▶ **What you have to do**
Your answer should hold exactly the lines from the one with "using closed central[OF" through the last line of the material below, nothing before and nothing extra.

▶ **Record set**
________________________________________

lemma factor_set_cocycle:
  assumes U: "U \<in> carrier Q" and V: "V \<in> carrier Q" and W: "W \<in> carrier Q"
  shows "factor_set V W \<otimes> factor_set U (V <#> W) = factor_set (U <#> V) W \<otimes> factor_set U V"
proof -
  have UV: "U <#> V \<in> carrier Q" and VW: "V <#> W \<in> carrier Q" and UVW: "U <#> V <#> W \<in> carrier Q"
    using U V W by (auto intro: set_mult_in_Q)
  have assoc: "U <#> (V <#> W) = U <#> V <#> W"
    using Q.m_assoc[OF U V W] by simp
  have Z_carrier: "c \<in> Z \<Longrightarrow> c \<in> carrier P" for c
    using subgroup.subset[OF subgroup_Z] by blast
  note closed = rep_closed[OF U] rep_closed[OF V] rep_closed[OF W] rep_closed[OF UV]
    rep_closed[OF VW] rep_closed[OF UVW] Z_carrier[OF factor_set_mem] U V W UV VW
  have "factor_set V W \<otimes> factor_set U (V <#> W) \<otimes> rep (U <#> V <#> W)
      = factor_set V W \<otimes> (rep U \<otimes> rep (V <#> W))"
    using closed by (simp add: rep_mult[OF U VW] assoc m_assoc)
  also have "\<dots> = rep U \<otimes> (factor_set V W \<otimes> rep (V <#> W))"
    using closed central[OF factor_set_mem[OF V W] rep_closed[OF U]] by (simp add: m_assoc[symmetric])
  also have "\<dots> = rep U \<otimes> rep V \<otimes> rep W"
    using closed by (simp add: rep_mult[OF V W] m_assoc)
  also have "\<dots> = factor_set U V \<otimes> factor_set (U <#> V) W \<otimes> rep (U <#> V <#> W)"
    using closed by (simp add: rep_mult[OF U V] rep_mult[OF UV W] m_assoc)
  finally have "factor_set V W \<otimes> factor_set U (V <#> W) = factor_set U V \<otimes> factor_set (U <#> V) W"
    using closed by (metis m_closed r_cancel)
  then show ?thesis
    using central[OF factor_set_mem[OF U V]] closed by simp
qed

________________________________________

▶ **Worked solution**
    using closed central[OF factor_set_mem[OF V W] rep_closed[OF U]] by (simp add: m_assoc[symmetric])
  also have "\<dots> = rep U \<otimes> rep V \<otimes> rep W"
    using closed by (simp add: rep_mult[OF V W] m_assoc)
  also have "\<dots> = factor_set U V \<otimes> factor_set (U <#> V) W \<otimes> rep (U <#> V <#> W)"
    using closed by (simp add: rep_mult[OF U V] rep_mult[OF UV W] m_assoc)
  finally have "factor_set V W \<otimes> factor_set U (V <#> W) = factor_set U V \<otimes> factor_set (U <#> V) W"
    using closed by (metis m_closed r_cancel)
  then show ?thesis
    using central[OF factor_set_mem[OF U V]] closed by simp
qed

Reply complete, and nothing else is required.